It’s A Small World After All


As a kid growing up in Oklahoma, my primary diet was dust. So, it was remarkably refreshing after an evening softball game, or an afternoon spent mowing the lawn, to pour a glass of cold water. In nearly any room of the house, my sisters and I could turn a shiny silver knob and and lavishly splash cool, clean waterover our faces, arms and neck. Then, reaching for a brightly colored cup, without a second thought, we gulped the life-giving liquid.

Nearly every summer, on the evening news, I remember hearing about a seasonal water shortage. Neighbors began to take turns watering their lawns. Daddy didn’t wash the cars. But never for one second did I fear that we would run out ofclean drinking water.

This year has been record setting in Oklahoma. In August, the temperature soared to 113 degrees. More than 30% of the state is experiencing an exceptional drought. But, in my family’s garage there are still cases of clean water. Every evening we take long showers. Here in rural Oklahoma, I have never known anyone dying for water.

In 2008, a non-profit foundation calledWater4 , was founded in Oklahoma City by Dick and Terri Greenly, to address the global water crisis. A water crisis that most of us in North America have never even considered. We certainly don’t worry about dying children every time we enjoy a cool glass of ice water.

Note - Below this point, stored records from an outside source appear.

(* Let $K$ be any continuous function on $\mathbb{T}$ satisfying $K(x)\ge1$ for $x\in[-\tfrac14,\tfrac14]$, and let $f$ be a pdf supported on $[-\tfrac14,\tfrac14]$. Then $$\|f*f\|_\infty\ge\|f*f\|_2^2\ge\|\hat K\|_{4/3}^{-4}.$$
   Context: $\mathbb{T}=\mathbb{R}/\mathbb{Z}$; integrals are over $\mathbb{T}$ with Lebesgue measure. For $h\in L^1(\mathbb{T})$ and $j\in\mathbb{Z}$, $\hat h(j)=\int h(x)e^{-2\pi ijx}\,dx$. Convolution $f*g(c)=\int f(x)g(c-x)\,dx$. $\|h\|_p=(\int|h|^p)^{1/p}$, $\|h\|_\infty$ is the essential supremum, and for the coefficient sequence $\|\hat K\|_p=(\sum_{j\in\mathbb{Z}}|\hat K(j)|^p)^{1/p}$. A pdf is a nonnegative function in $L^2(\mathbb{T})$ with integral 1; $[-\tfrac14,\tfrac14]$ is regarded as a subset of $\mathbb{T}$. *)

theory Defs
  imports "HOL-Analysis.Analysis" "HOL-Probability.Essential_Supremum"
begin

text \<open>Functions on the torus T = R/Z are represented as 1-periodic functions on the reals;
  integrals over T are Lebesgue integrals over the fundamental domain [0,1].\<close>

definition periodic1 :: "(real \<Rightarrow> 'a) \<Rightarrow> bool" where
  "periodic1 h \<longleftrightarrow> (\<forall>x. h (x + 1) = h x)"

definition tconv :: "(real \<Rightarrow> real) \<Rightarrow> (real \<Rightarrow> real) \<Rightarrow> real \<Rightarrow> real" where
  "tconv f g c = (LINT x|lebesgue_on {0..1}. f x * g (c - x))"

definition fourier_coeff :: "(real \<Rightarrow> real) \<Rightarrow> int \<Rightarrow> complex" where
  "fourier_coeff h j =
     (LINT x|lebesgue_on {0..1}. complex_of_real (h x) * exp (- (2 * complex_of_real pi * \<i> * of_int j * complex_of_real x)))"

definition tLp_norm :: "real \<Rightarrow> (real \<Rightarrow> real) \<Rightarrow> real" where
  "tLp_norm p h = (LINT x|lebesgue_on {0..1}. \<bar>h x\<bar> powr p) powr (1 / p)"

definition tLinf_norm :: "(real \<Rightarrow> real) \<Rightarrow> ereal" where
  "tLinf_norm h = esssup (lebesgue_on {0..1}) (\<lambda>x. ereal \<bar>h x\<bar>)"

text \<open>l^p norm of a coefficient sequence, defined when the sum converges.\<close>
definition lp_summable :: "real \<Rightarrow> (int \<Rightarrow> complex) \<Rightarrow> bool" where
  "lp_summable p c \<longleftrightarrow> (\<lambda>j. norm (c j) powr p) summable_on UNIV"

definition lp_norm :: "real \<Rightarrow> (int \<Rightarrow> complex) \<Rightarrow> real" where
  "lp_norm p c = (\<Sum>\<^sub>\<infinity>j. norm (c j) powr p) powr (1 / p)"

definition is_pdf :: "(real \<Rightarrow> real) \<Rightarrow> bool" where
  "is_pdf f \<longleftrightarrow> periodic1 f \<and> f \<in> borel_measurable borel
     \<and> (AE x in lebesgue_on {0..1}. f x \<ge> 0)
     \<and> integrable (lebesgue_on {0..1}) (\<lambda>x. (f x)\<^sup>2)
     \<and> (LINT x|lebesgue_on {0..1}. f x) = 1"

Water4 exists primarily provide water to impoverished, thirsty areas. At the same time, Water4 educates and trains nationals to be intricately involved in the effort to provide sustainable, clean water sources to their villages. Already working tirelessly in Haiti, Sierra Leone, Uganda and Rwanda, Water4’s goal is to provide clean drinking water to a million people by 2014.

Statistically, the majority of Oklahomans are pro-life. Consequently, voters are well aware that about 3,322 children are aborted everyday. However, few people know that 4,320 children die everyday due to a water-related illness.

Many states across America are withering with drought this summer. Farmers are fearful for their crops and consequently, their livelihood. The entire globe is feeling the economic pinch. But when we feel the parched tongues of children in third-world countries, when we see the countless tiny graves of thirsty children – we have to be grateful for our relative abundance and wonder…

What can we do?

While the cost to build a private well in Oklahoma is upwards of $2000, you can donate a well and supply water to an entire village through Water4’s program for $900. You’ll never turn that shiny silver knob mindlessly again, and neither will your children.